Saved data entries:
━━━━━━━━━━━━━━━━━━━━
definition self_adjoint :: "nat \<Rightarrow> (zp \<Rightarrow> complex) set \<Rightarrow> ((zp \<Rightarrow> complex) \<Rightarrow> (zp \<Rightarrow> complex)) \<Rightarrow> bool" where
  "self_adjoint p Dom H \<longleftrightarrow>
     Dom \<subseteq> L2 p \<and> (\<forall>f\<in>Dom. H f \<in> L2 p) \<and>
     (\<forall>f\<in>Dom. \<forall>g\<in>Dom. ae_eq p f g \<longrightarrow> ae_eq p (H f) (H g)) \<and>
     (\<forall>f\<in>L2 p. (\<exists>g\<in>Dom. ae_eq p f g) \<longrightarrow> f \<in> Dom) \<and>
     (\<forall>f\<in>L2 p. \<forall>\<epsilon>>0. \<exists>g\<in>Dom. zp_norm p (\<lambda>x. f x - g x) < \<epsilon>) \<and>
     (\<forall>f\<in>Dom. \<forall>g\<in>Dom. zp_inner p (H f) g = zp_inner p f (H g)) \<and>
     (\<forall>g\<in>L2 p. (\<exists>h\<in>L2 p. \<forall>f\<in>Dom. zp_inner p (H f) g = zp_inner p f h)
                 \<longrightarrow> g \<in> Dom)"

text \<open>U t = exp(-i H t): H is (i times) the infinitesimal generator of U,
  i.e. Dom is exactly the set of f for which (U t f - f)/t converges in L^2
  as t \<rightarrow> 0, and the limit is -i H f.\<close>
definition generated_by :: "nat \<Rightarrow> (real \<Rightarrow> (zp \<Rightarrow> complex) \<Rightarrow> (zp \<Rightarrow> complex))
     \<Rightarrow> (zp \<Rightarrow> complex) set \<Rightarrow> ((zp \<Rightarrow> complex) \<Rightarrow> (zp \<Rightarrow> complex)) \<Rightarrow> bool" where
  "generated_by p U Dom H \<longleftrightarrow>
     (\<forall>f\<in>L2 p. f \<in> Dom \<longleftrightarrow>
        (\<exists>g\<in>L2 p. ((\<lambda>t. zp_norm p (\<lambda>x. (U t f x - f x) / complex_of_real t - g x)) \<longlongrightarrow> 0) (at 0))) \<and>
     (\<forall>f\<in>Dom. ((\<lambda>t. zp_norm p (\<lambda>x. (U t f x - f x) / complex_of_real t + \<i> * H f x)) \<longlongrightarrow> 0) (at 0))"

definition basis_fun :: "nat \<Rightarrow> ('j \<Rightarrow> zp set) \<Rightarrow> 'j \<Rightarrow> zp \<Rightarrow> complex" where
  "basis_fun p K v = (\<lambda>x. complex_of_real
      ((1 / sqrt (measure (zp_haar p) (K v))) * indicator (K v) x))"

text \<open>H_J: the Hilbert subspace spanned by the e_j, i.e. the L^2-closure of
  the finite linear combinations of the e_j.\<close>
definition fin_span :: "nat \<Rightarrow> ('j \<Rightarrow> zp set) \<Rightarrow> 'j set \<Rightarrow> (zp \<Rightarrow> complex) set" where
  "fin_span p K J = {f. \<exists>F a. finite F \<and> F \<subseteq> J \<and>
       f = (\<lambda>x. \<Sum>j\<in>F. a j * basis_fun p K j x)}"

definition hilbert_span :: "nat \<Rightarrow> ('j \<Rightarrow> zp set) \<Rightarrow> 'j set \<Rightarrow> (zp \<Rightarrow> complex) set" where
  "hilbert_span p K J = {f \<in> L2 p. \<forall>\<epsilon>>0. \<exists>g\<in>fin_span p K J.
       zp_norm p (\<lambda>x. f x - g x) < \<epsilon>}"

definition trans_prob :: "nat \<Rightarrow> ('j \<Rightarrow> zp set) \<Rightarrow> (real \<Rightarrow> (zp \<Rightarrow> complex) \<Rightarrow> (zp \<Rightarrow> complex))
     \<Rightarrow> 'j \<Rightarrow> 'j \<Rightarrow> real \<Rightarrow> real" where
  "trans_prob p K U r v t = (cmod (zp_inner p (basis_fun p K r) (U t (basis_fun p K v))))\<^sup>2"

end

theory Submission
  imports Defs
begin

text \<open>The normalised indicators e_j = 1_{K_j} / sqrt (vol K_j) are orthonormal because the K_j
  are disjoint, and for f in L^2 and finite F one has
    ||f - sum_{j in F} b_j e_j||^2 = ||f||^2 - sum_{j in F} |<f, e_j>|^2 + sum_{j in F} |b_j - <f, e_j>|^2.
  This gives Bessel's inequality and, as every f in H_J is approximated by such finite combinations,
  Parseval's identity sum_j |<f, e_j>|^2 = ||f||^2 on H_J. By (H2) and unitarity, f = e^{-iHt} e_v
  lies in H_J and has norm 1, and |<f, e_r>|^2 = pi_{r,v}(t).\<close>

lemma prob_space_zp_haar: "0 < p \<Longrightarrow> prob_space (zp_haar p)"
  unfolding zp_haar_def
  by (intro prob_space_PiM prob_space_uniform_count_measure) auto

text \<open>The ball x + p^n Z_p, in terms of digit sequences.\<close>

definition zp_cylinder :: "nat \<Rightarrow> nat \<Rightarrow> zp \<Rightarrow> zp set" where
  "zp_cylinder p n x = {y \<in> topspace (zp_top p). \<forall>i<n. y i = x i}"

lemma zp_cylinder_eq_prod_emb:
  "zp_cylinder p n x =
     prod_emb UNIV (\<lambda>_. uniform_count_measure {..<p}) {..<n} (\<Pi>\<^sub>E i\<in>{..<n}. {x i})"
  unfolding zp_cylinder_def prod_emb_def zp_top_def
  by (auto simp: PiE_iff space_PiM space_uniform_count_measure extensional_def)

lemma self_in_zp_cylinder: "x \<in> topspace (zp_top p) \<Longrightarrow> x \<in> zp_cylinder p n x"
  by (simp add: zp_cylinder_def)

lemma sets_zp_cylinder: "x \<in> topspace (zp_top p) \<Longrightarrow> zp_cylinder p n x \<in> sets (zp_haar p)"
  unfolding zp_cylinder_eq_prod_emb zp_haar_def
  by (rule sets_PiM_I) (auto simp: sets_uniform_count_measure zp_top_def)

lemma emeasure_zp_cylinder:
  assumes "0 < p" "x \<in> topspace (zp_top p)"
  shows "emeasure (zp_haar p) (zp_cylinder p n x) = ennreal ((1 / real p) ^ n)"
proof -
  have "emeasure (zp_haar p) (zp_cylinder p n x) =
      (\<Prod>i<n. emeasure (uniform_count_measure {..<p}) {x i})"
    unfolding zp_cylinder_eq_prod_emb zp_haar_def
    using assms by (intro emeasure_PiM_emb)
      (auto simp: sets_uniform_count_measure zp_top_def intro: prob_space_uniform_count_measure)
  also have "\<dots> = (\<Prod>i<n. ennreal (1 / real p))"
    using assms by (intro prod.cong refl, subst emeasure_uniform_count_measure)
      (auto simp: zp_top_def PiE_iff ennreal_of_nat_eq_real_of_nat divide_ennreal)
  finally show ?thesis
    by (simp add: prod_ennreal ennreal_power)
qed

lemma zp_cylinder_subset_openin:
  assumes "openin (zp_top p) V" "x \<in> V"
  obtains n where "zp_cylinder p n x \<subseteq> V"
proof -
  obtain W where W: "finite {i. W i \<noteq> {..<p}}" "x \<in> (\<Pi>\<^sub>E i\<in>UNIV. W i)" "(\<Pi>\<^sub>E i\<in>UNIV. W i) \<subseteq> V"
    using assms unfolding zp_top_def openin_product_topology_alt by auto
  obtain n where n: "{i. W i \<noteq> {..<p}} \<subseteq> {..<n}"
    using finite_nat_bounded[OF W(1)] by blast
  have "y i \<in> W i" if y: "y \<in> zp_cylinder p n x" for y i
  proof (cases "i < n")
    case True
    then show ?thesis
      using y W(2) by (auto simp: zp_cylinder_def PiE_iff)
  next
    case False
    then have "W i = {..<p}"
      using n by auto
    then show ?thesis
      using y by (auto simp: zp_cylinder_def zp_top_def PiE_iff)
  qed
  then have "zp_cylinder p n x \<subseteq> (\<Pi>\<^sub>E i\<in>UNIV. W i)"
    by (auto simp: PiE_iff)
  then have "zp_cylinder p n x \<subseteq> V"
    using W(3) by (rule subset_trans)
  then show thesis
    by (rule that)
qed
━━━━━━━━━━━━━━━━━━━━
▶ **ABOUT THIS TASK**
Could you please retype the lines from the start of the data through the line with "p Dom H \<longleftrightarrow>", both included, and nothing else?

▶ **REPLY TO THE EXERCISE**
definition self_adjoint :: "nat \<Rightarrow> (zp \<Rightarrow> complex) set \<Rightarrow> ((zp \<Rightarrow> complex) \<Rightarrow> (zp \<Rightarrow> complex)) \<Rightarrow> bool" where
  "self_adjoint p Dom H \<longleftrightarrow>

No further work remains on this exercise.